-- Your instructions --
From the entries below, reproduce exactly the line containing "Context: The process: $L(t)=L(0)+\sum_j", the line containing "sets (F t))", and every line in between, with nothing added.

[Records for this exercise — start]

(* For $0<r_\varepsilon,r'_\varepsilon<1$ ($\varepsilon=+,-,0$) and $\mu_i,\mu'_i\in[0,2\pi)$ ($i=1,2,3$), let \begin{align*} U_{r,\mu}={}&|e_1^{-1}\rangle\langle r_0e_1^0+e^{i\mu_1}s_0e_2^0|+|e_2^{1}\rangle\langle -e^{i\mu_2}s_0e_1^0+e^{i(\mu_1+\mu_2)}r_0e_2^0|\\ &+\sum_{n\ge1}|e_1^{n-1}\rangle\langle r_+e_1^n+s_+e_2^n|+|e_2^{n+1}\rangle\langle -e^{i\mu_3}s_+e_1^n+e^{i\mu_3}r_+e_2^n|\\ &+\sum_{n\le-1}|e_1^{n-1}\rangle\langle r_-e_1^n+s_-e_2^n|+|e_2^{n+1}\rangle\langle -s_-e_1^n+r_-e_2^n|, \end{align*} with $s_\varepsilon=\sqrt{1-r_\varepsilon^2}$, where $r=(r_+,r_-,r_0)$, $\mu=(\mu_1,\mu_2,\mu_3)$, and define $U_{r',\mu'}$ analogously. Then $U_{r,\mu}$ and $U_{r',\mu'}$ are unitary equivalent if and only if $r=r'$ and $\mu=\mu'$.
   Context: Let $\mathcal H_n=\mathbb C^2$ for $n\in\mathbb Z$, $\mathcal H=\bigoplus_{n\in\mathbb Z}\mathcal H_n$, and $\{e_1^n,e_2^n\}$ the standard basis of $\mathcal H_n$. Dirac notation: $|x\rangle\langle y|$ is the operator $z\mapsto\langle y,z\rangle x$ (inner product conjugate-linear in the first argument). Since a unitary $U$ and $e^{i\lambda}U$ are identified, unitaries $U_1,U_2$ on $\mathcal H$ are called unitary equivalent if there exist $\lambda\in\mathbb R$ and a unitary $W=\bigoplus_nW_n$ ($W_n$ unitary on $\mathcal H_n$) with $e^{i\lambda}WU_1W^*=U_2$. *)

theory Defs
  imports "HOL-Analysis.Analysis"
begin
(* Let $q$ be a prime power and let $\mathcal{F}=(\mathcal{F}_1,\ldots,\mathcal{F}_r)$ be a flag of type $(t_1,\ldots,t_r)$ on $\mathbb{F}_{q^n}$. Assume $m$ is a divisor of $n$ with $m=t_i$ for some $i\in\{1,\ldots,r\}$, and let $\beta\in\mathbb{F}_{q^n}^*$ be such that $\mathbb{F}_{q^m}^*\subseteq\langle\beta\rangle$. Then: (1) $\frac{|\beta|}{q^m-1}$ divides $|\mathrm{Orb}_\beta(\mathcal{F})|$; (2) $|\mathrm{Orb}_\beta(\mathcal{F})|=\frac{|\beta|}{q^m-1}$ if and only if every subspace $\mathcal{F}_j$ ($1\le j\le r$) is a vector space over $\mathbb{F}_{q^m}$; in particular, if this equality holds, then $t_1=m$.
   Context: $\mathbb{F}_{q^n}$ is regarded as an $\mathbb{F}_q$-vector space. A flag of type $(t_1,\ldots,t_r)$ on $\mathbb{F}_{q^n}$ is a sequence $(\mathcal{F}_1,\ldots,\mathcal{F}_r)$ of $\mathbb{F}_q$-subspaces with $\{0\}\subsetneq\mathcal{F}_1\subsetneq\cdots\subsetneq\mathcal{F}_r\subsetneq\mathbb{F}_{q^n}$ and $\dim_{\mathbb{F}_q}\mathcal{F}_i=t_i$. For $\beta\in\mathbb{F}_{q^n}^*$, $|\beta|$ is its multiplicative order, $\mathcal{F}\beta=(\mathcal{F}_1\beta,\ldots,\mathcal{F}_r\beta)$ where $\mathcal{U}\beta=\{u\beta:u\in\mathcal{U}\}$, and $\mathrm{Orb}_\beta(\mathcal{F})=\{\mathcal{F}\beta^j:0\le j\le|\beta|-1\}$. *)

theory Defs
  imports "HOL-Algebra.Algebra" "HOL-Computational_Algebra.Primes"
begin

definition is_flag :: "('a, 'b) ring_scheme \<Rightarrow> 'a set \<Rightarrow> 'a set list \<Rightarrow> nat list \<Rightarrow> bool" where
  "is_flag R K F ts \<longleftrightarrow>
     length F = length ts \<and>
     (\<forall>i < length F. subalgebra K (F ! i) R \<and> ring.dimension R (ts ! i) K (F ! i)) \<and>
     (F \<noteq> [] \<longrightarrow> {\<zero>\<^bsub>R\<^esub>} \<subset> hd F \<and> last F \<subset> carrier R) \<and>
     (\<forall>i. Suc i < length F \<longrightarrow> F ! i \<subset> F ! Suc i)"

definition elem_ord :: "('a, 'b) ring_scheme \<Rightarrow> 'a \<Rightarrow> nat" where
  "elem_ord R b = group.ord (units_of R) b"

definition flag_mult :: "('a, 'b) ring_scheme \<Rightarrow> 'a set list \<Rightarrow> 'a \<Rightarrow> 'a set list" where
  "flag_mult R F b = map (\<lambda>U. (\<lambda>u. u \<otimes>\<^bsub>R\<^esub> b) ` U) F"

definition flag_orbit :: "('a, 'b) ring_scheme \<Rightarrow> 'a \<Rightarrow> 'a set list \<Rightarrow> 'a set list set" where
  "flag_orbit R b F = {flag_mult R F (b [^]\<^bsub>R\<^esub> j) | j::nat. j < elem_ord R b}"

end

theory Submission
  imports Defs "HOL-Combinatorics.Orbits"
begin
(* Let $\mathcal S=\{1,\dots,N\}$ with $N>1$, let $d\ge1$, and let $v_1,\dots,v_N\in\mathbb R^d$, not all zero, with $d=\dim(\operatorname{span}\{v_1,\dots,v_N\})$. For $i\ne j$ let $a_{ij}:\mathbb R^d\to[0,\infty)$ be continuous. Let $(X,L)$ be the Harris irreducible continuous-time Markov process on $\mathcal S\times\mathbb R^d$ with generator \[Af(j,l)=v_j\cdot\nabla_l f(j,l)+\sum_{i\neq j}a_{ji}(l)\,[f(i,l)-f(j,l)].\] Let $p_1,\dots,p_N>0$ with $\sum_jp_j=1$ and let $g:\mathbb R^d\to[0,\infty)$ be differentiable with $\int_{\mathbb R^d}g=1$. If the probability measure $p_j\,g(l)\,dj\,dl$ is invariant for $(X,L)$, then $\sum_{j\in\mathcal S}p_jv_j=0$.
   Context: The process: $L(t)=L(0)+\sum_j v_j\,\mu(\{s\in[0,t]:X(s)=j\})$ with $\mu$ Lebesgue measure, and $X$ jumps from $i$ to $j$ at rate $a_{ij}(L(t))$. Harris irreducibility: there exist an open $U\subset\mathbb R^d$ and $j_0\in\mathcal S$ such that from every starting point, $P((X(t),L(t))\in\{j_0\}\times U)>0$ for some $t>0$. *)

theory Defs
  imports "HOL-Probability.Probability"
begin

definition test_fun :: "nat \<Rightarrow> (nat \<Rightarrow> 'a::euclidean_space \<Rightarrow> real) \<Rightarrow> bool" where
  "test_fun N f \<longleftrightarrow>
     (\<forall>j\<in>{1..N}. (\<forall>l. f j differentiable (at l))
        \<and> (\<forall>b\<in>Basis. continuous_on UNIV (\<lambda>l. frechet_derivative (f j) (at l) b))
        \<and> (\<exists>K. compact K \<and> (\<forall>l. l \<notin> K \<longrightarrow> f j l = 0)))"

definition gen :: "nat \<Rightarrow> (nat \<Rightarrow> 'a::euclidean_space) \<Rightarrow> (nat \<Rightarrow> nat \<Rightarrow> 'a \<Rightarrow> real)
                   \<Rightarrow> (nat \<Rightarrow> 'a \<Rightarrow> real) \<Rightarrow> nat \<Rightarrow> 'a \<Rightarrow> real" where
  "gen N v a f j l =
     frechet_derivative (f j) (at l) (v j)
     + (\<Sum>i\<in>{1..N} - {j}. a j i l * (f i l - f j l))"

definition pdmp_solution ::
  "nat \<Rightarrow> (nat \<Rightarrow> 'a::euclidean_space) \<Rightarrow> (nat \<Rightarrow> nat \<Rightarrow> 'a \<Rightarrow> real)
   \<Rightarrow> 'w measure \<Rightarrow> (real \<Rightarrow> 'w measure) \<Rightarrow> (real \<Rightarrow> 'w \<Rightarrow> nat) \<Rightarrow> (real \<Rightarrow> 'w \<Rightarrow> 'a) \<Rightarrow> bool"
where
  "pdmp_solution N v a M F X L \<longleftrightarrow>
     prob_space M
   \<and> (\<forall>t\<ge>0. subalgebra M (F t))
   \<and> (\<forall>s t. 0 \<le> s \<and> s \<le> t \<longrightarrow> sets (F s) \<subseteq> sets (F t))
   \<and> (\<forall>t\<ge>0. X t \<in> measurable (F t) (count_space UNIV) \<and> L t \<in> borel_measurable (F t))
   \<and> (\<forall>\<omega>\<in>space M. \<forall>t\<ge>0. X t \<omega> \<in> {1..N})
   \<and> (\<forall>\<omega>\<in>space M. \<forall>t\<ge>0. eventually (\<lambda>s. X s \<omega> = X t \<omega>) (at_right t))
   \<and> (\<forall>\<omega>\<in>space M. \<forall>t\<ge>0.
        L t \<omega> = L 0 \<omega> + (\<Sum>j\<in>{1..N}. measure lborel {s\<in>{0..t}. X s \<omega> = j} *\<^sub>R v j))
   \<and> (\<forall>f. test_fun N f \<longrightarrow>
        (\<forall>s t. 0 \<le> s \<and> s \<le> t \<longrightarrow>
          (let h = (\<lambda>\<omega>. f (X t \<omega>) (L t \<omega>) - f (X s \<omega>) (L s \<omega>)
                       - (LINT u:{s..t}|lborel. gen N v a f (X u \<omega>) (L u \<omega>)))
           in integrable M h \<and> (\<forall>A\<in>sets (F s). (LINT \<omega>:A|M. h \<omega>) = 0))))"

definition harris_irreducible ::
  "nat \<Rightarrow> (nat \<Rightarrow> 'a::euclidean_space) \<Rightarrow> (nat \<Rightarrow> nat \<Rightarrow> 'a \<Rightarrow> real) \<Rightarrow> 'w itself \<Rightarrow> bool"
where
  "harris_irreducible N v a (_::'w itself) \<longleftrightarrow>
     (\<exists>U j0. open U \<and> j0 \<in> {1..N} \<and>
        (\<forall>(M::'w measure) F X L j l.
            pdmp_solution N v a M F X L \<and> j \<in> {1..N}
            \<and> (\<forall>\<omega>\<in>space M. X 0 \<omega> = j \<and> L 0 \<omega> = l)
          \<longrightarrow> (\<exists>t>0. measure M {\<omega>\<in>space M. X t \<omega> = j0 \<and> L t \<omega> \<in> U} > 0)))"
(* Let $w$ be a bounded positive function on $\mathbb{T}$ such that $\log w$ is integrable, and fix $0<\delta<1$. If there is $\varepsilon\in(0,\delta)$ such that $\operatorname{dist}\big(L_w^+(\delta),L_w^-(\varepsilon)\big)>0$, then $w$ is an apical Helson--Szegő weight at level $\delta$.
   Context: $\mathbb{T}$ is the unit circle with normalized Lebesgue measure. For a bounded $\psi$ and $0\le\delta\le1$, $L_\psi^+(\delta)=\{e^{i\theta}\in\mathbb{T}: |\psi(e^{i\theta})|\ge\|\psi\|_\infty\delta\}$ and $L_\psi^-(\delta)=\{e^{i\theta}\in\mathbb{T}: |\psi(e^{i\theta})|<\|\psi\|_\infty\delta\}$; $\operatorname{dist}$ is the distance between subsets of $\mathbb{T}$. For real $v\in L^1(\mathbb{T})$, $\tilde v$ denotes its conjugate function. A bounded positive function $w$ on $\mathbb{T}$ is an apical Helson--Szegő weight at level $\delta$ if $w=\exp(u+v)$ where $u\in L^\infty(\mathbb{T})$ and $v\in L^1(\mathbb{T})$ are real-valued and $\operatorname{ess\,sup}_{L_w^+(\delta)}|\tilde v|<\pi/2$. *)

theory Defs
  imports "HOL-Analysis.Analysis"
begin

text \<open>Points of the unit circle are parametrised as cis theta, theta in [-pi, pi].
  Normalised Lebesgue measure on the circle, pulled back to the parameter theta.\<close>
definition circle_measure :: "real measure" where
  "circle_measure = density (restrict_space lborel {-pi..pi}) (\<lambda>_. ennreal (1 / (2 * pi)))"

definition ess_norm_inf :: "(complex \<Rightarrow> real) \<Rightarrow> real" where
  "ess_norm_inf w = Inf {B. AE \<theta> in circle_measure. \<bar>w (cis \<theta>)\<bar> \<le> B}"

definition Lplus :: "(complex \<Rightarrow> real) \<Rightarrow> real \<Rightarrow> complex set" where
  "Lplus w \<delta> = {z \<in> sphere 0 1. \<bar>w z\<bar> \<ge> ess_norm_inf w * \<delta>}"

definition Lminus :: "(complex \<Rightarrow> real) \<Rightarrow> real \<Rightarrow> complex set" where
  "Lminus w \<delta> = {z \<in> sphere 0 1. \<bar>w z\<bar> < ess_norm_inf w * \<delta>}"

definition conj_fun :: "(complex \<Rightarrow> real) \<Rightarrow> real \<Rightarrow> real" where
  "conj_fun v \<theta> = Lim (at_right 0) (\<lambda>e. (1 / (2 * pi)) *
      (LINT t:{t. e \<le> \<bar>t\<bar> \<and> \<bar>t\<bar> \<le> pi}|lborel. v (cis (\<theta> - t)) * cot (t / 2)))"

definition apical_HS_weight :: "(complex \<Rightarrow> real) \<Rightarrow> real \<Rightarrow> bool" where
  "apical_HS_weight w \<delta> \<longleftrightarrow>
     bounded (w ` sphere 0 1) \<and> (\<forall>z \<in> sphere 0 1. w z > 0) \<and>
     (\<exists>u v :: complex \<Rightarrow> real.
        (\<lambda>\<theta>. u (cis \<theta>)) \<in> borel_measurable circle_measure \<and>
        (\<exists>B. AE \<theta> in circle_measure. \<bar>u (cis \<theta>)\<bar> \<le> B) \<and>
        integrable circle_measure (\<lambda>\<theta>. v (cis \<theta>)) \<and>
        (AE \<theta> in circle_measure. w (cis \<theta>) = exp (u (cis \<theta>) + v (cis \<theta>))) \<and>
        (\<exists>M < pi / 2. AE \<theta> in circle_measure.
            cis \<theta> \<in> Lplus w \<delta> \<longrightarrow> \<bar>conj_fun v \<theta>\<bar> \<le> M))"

[Records for this exercise — finish]

-- Finished task --
   Context: The process: $L(t)=L(0)+\sum_j v_j\,\mu(\{s\in[0,t]:X(s)=j\})$ with $\mu$ Lebesgue measure, and $X$ jumps from $i$ to $j$ at rate $a_{ij}(L(t))$. Harris irreducibility: there exist an open $U\subset\mathbb R^d$ and $j_0\in\mathcal S$ such that from every starting point, $P((X(t),L(t))\in\{j_0\}\times U)>0$ for some $t>0$. *)

theory Defs
  imports "HOL-Probability.Probability"
begin

definition test_fun :: "nat \<Rightarrow> (nat \<Rightarrow> 'a::euclidean_space \<Rightarrow> real) \<Rightarrow> bool" where
  "test_fun N f \<longleftrightarrow>
     (\<forall>j\<in>{1..N}. (\<forall>l. f j differentiable (at l))
        \<and> (\<forall>b\<in>Basis. continuous_on UNIV (\<lambda>l. frechet_derivative (f j) (at l) b))
        \<and> (\<exists>K. compact K \<and> (\<forall>l. l \<notin> K \<longrightarrow> f j l = 0)))"

definition gen :: "nat \<Rightarrow> (nat \<Rightarrow> 'a::euclidean_space) \<Rightarrow> (nat \<Rightarrow> nat \<Rightarrow> 'a \<Rightarrow> real)
                   \<Rightarrow> (nat \<Rightarrow> 'a \<Rightarrow> real) \<Rightarrow> nat \<Rightarrow> 'a \<Rightarrow> real" where
  "gen N v a f j l =
     frechet_derivative (f j) (at l) (v j)
     + (\<Sum>i\<in>{1..N} - {j}. a j i l * (f i l - f j l))"

definition pdmp_solution ::
  "nat \<Rightarrow> (nat \<Rightarrow> 'a::euclidean_space) \<Rightarrow> (nat \<Rightarrow> nat \<Rightarrow> 'a \<Rightarrow> real)
   \<Rightarrow> 'w measure \<Rightarrow> (real \<Rightarrow> 'w measure) \<Rightarrow> (real \<Rightarrow> 'w \<Rightarrow> nat) \<Rightarrow> (real \<Rightarrow> 'w \<Rightarrow> 'a) \<Rightarrow> bool"
where
  "pdmp_solution N v a M F X L \<longleftrightarrow>
     prob_space M
   \<and> (\<forall>t\<ge>0. subalgebra M (F t))
   \<and> (\<forall>s t. 0 \<le> s \<and> s \<le> t \<longrightarrow> sets (F s) \<subseteq> sets (F t))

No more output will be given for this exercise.